| What the exercise asks |
Find the word "from" in the data. Return every line where it appears.

● ● ● ● ● ● ●

text \<open>The \<open>k\<close>-th block of \<open>L(r)\<close>. Rows are 0-based, so row \<open>j\<close> reads sequence \<open>j + 1\<close>
  and is governed by \<open>r (j + 1)\<close>.\<close>

definition block_offsets :: "nat \<Rightarrow> (nat \<Rightarrow> nat \<Rightarrow> nat) \<Rightarrow> nat \<Rightarrow> nat \<Rightarrow> nat" where
  "block_offsets v r k j = (if j = 0 then v * (k - 1) else r (Suc j) (k - 1))"

definition block_lengths :: "nat \<Rightarrow> (nat \<Rightarrow> nat \<Rightarrow> nat) \<Rightarrow> nat \<Rightarrow> nat \<Rightarrow> nat" where
  "block_lengths v r k j = (if j = 0 then v else r (Suc j) k - r (Suc j) (k - 1))"

definition in_window :: "nat \<Rightarrow> nat \<Rightarrow> (nat \<Rightarrow> real) \<Rightarrow> (nat \<Rightarrow> real) \<Rightarrow> (nat \<Rightarrow> nat \<Rightarrow> nat) \<Rightarrow> nat \<Rightarrow> bool"
  where "in_window m v p1 p2 r k \<longleftrightarrow> (\<forall>j\<in>{2..m}.
    real v * p1 j \<le> real (r j k - r j (k - 1)) \<and> real (r j k - r j (k - 1)) \<le> real v * p2 j)"

lemma card_diff_gt:
  assumes "G \<subseteq> {1..d}" "real (card G) < (1 - \<epsilon>) * real d"
  shows "\<epsilon> * real d < real (card ({1..d} - G))"
proof -
  have "card G \<le> d" using card_mono[of "{1..d}" G] assms(1) by simp
  then have "real (card ({1..d} - G)) = real d - real (card G)"
    using assms(1) by (simp add: card_Diff_subset finite_subset)
  then show ?thesis using assms(2) by (simp add: algebra_simps)
qed

lemma seg_eq_map: "seg X j a b \<omega> = map (\<lambda>i. X j (a + i + 1) \<omega>) [0..<b - a]"
proof (cases "a \<le> b")
  case True
  then have "b - a + (a + 1) = b + 1" by simp
  then have "[a + 1..<b + 1] = map (\<lambda>i. i + (a + 1)) [0..<b - a]" by (simp only: map_add_upt)
  then show ?thesis unfolding seg_def by (simp add: add_ac)
qed (simp add: seg_def)

lemma segments_eq_block:
  "map (\<lambda>j. seg X j 0 (len j) \<omega>) [1..<m + 1] = block X m Suc (\<lambda>_. 0) (\<lambda>j. len (Suc j)) \<omega>"
proof -
  have "[1..<m + 1] = map Suc [0..<m]" using map_Suc_upt[of 0 m] by simp
  then show ?thesis unfolding block_def seg_eq_map by simp
qed

lemma Ln_eq_block: "Ln S m X n \<omega> = opt_score S (block X m Suc (\<lambda>_. 0) (\<lambda>_. n) \<omega>)"
  unfolding Ln_def segments_eq_block ..

lemma sum_telescope_nat:
  fixes f :: "nat \<Rightarrow> nat"
  assumes "\<And>k. k < d \<Longrightarrow> f k \<le> f (Suc k)"
  shows "(\<Sum>k=1..d. f k - f (k - 1)) = f d - f 0"
proof -
  have "f (k - 1) \<le> f k" if "k \<in> {1..d}" for k
  proof -
    from that have "k - 1 < d" "Suc (k - 1) = k" by auto
    then show ?thesis using assms[of "k - 1"] by simp
  qed
  then have "int (\<Sum>k=1..d. f k - f (k - 1)) = (\<Sum>k\<in>{Suc 0..d}. int (f k) - int (f (k - 1)))"
    by simp
  also have "\<dots> = int (f d) - int (f 0)"
    using sum_telescope''[of 0 d "\<lambda>k. int (f k)"] by simp
  finally show ?thesis by linarith
qed

lemma L_r_eq_blocks:
  assumes "0 < m"
  shows "L_r S m X v d r \<omega>
    = (\<Sum>k=1..d. opt_score S (block X m Suc (block_offsets v r k) (block_lengths v r k) \<omega>))"
proof -
  have rows: "[0..<m] = 0 # [1..<m]" "[2..<m + 1] = map Suc [1..<m]"
    using assms map_Suc_upt[of 1 m] by (simp_all add: upt_rec numeral_2_eq_2)
  have "v * k - v * (k - 1) = v" if "1 \<le> k" for k
    using that by (simp add: diff_mult_distrib2)
  then have "seg X 1 (v * (k - 1)) (v * k) \<omega> # map (\<lambda>j. seg X j (r j (k - 1)) (r j k) \<omega>) [2..<m + 1]
      = block X m Suc (block_offsets v r k) (block_lengths v r k) \<omega>" if "1 \<le> k" for k
    using that unfolding block_def rows seg_eq_map by (simp add: block_offsets_def block_lengths_def)
  then show ?thesis unfolding L_r_def by (intro sum.cong) auto
qed

lemma sum_block_lengths:
  assumes "admissible_r m v d r"
  shows "(\<Sum>k=1..d. \<Sum>j<m. block_lengths v r k j) = m * (v * d)"
proof -
  have "(\<Sum>k=1..d. block_lengths v r k j) = v * d" if "j < m" for j
  proof (cases "j = 0")
    case False
    then have "Suc j \<in> {2..m}" using that by auto
    then have "r (Suc j) 0 = 0" "r (Suc j) d = v * d" "\<forall>k<d. r (Suc j) k \<le> r (Suc j) (Suc k)"
      using assms unfolding admissible_r_def by auto
    moreover from this(3) have "(\<Sum>k=1..d. r (Suc j) k - r (Suc j) (k - 1)) = r (Suc j) d - r (Suc j) 0"
      by (intro sum_telescope_nat) auto
    ultimately show ?thesis using False unfolding block_lengths_def by simp
  qed (simp add: block_lengths_def)
  then show ?thesis by (subst sum.swap) simp
qed

section \<open>An i.i.d. array of letters\<close>

locale iid_array = prob_space M for M :: "'w measure" +
  fixes A :: "real set" and m :: nat and X :: "nat \<Rightarrow> nat \<Rightarrow> 'w \<Rightarrow> real"
  assumes finite_A: "finite A"
    and X_meas: "\<forall>j\<in>{1..m}. \<forall>i\<ge>1. X j i \<in> borel_measurable M"
    and X_vals: "\<forall>j\<in>{1..m}. \<forall>i\<ge>1. \<forall>\<omega>\<in>space M. X j i \<omega> \<in> A"
    and X_indep: "indep_vars (\<lambda>_. borel) (\<lambda>(j, i). X j i) ({1..m} \<times> {1..})"
    and X_ident: "\<forall>j\<in>{1..m}. \<forall>i\<ge>1. distr M borel (X j i) = distr M borel (X 1 1)"
begin

definition letter_prob :: "real \<Rightarrow> real" where
  "letter_prob c = prob {\<omega> \<in> space M. X 1 1 \<omega> = c}"

lemma prob_letter_eq:
  assumes "j \<in> {1..m}" "1 \<le> i"
  shows "prob (X j i -` {c} \<inter> space M) = letter_prob c"
proof -
  have one: "1 \<in> {1..m}" using assms(1) by simp
  have "prob (X j i -` {c} \<inter> space M) = measure (distr M borel (X j i)) {c}"
    using X_meas assms by (subst measure_distr) auto
  also have "\<dots> = measure (distr M borel (X 1 1)) {c}"
    using X_ident assms by metis
  also have "\<dots> = prob (X 1 1 -` {c} \<inter> space M)"
    using X_meas one by (subst measure_distr) auto
  also have "X 1 1 -` {c} \<inter> space M = {\<omega> \<in> space M. X 1 1 \<omega> = c}"
    by blast
  finally show ?thesis
    unfolding letter_prob_def .
qed

definition sample :: "('i \<Rightarrow> nat \<times> nat) \<Rightarrow> 'i set \<Rightarrow> 'w \<Rightarrow> 'i \<Rightarrow> real" where
  "sample \<phi> I \<omega> = (\<lambda>x\<in>I. case_prod X (\<phi> x) \<omega>)"

lemma sample_eq_iff:
  assumes "a \<in> extensional I"
  shows "sample \<phi> I \<omega> = a \<longleftrightarrow> (\<forall>x\<in>I. case_prod X (\<phi> x) \<omega> = a x)"
proof
  show "sample \<phi> I \<omega> = a \<Longrightarrow> \<forall>x\<in>I. case_prod X (\<phi> x) \<omega> = a x"
    unfolding sample_def by auto
  show "\<forall>x\<in>I. case_prod X (\<phi> x) \<omega> = a x \<Longrightarrow> sample \<phi> I \<omega> = a"
    unfolding sample_def using assms by (intro extensionalityI[where A = I]) auto
qed

lemma sample_in_PiE:
  assumes "\<omega> \<in> space M" "\<phi> ` I \<subseteq> {1..m} \<times> {1..}"
  shows "sample \<phi> I \<omega> \<in> PiE I (\<lambda>_. A)"
proof -
  have "case_prod X (\<phi> x) \<omega> \<in> A" if "x \<in> I" for x
    using assms X_vals that by (auto simp: case_prod_beta mem_Times_iff)
  then show ?thesis unfolding sample_def by simp
qed

lemma sample_event:
  assumes "finite I" "\<phi> ` I \<subseteq> {1..m} \<times> {1..}" "a \<in> extensional I"
  shows "{\<omega> \<in> space M. sample \<phi> I \<omega> = a} \<in> events"
  unfolding sample_eq_iff[OF assms(3)]
proof (rule sets.sets_Collect_finite_All[OF _ assms(1)])
  fix x assume "x \<in> I"
  then have "fst (\<phi> x) \<in> {1..m}" "1 \<le> snd (\<phi> x)" using assms(2) by (auto simp: mem_Times_iff)
  then have "case_prod X (\<phi> x) \<in> borel_measurable M" using X_meas by (simp add: case_prod_beta')
  then show "{\<omega> \<in> space M. case_prod X (\<phi> x) \<omega> = a x} \<in> events" by measurable
qed

lemma prob_sample_eq:
  assumes fin: "finite I" and inj: "inj_on \<phi> I" and rng: "\<phi> ` I \<subseteq> {1..m} \<times> {1..}"
    and a: "a \<in> extensional I"
  shows "prob {\<omega> \<in> space M. sample \<phi> I \<omega> = a} = (\<Prod>x\<in>I. letter_prob (a x))"
proof (cases "I = {}")
  case True
  then show ?thesis using a by (simp add: sample_def restrict_def prob_space)
next
  case False
  define F where "F y = case_prod X y -` {a (inv_into I \<phi> y)} \<inter> space M" for y
  have F\<phi>: "F (\<phi> x) = case_prod X (\<phi> x) -` {a x} \<inter> space M" if "x \<in> I" for x
    unfolding F_def using inv_into_f_f[OF inj that] by simp
  have "{\<omega> \<in> space M. sample \<phi> I \<omega> = a} = (\<Inter>x\<in>I. F (\<phi> x))"
    using False by (auto simp: sample_eq_iff[OF a] F\<phi>)
  also have "\<dots> = (\<Inter>y\<in>\<phi> ` I. F y)" by simp
  also have "prob \<dots> = (\<Prod>y\<in>\<phi> ` I. prob (F y))"
  proof (rule indep_setsD)
    show "indep_sets (\<lambda>y. {case_prod X y -` B \<inter> space M | B. B \<in> sets borel}) ({1..m} \<times> {1..})"
      using X_indep unfolding indep_vars_def2 by (simp only:)
    show "\<forall>y\<in>\<phi> ` I. F y \<in> {case_prod X y -` B \<inter> space M | B. B \<in> sets borel}"
      unfolding F_def by (intro ballI CollectI exI[of _ "{a (inv_into I \<phi> y)}" for y]) simp
  qed (use False fin rng in auto)
  also have "\<dots> = (\<Prod>x\<in>I. prob (F (\<phi> x)))" by (simp add: prod.reindex[OF inj])
  also have "\<dots> = (\<Prod>x\<in>I. letter_prob (a x))"
  proof (rule prod.cong[OF refl])
    fix x assume x: "x \<in> I"
    then have "fst (\<phi> x) \<in> {1..m}" "1 \<le> snd (\<phi> x)" using rng by (auto simp: mem_Times_iff)
    then show "prob (F (\<phi> x)) = letter_prob (a x)"
      using prob_letter_eq F\<phi>[OF x] by (simp add: case_prod_beta)
  qed
  finally show ?thesis .
qed

lemma integral_sample:
  fixes G :: "('i \<Rightarrow> real) \<Rightarrow> real"
  assumes fin: "finite I" and inj: "inj_on \<phi> I" and rng: "\<phi> ` I \<subseteq> {1..m} \<times> {1..}"
  shows "integrable M (\<lambda>\<omega>. G (sample \<phi> I \<omega>))"
    and "(\<integral>\<omega>. G (sample \<phi> I \<omega>) \<partial>M) = (\<Sum>a\<in>PiE I (\<lambda>_. A). G a * (\<Prod>x\<in>I. letter_prob (a x)))"
proof -
  define P where "P = PiE I (\<lambda>_. A)"
  define E where "E a = {\<omega> \<in> space M. sample \<phi> I \<omega> = a}" for a
  have E: "E a \<in> events" if "a \<in> P" for a
    unfolding E_def using sample_event[OF fin rng] that by (simp add: P_def PiE_def)
  have "finite P" unfolding P_def using fin finite_A by (simp add: finite_PiE)
  then have decomp: "G (sample \<phi> I \<omega>) = (\<Sum>a\<in>P. G a * indicator (E a) \<omega>)" if "\<omega> \<in> space M" for \<omega>
    using sample_in_PiE[OF that rng] that
    by (simp add: E_def indicator_def if_distrib[of "(*) _"] eq_commute[of _ "sample \<phi> I \<omega>"] P_def)
  have ind: "integrable M (\<lambda>\<omega>. G a * indicator (E a) \<omega>)" if "a \<in> P" for a
    using E[OF that] by (intro integrable_mult_right integrable_real_indicator) (auto simp: less_top[symmetric])
  show "integrable M (\<lambda>\<omega>. G (sample \<phi> I \<omega>))"
    using ind by (subst Bochner_Integration.integrable_cong[OF refl decomp]) auto
  have "(\<integral>\<omega>. G (sample \<phi> I \<omega>) \<partial>M) = (\<integral>\<omega>. (\<Sum>a\<in>P. G a * indicator (E a) \<omega>) \<partial>M)"
    using decomp by (intro Bochner_Integration.integral_cong) auto
  also have "\<dots> = (\<Sum>a\<in>P. G a * prob (E a))"
    using ind E by (simp add: integral_sum)
  also have "\<dots> = (\<Sum>a\<in>P. G a * (\<Prod>x\<in>I. letter_prob (a x)))"
    unfolding E_def using prob_sample_eq[OF fin inj rng] by (intro sum.cong) (auto simp: P_def PiE_def)
  finally show "(\<integral>\<omega>. G (sample \<phi> I \<omega>) \<partial>M) = (\<Sum>a\<in>PiE I (\<lambda>_. A). G a * (\<Prod>x\<in>I. letter_prob (a x)))"
    unfolding P_def .
qed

● ● ● ● ● ● ●

| Result |
    from that have "k - 1 < d" "Suc (k - 1) = k" by auto
    moreover from this(3) have "(\<Sum>k=1..d. r (Suc j) k - r (Suc j) (k - 1)) = r (Suc j) d - r (Suc j) 0"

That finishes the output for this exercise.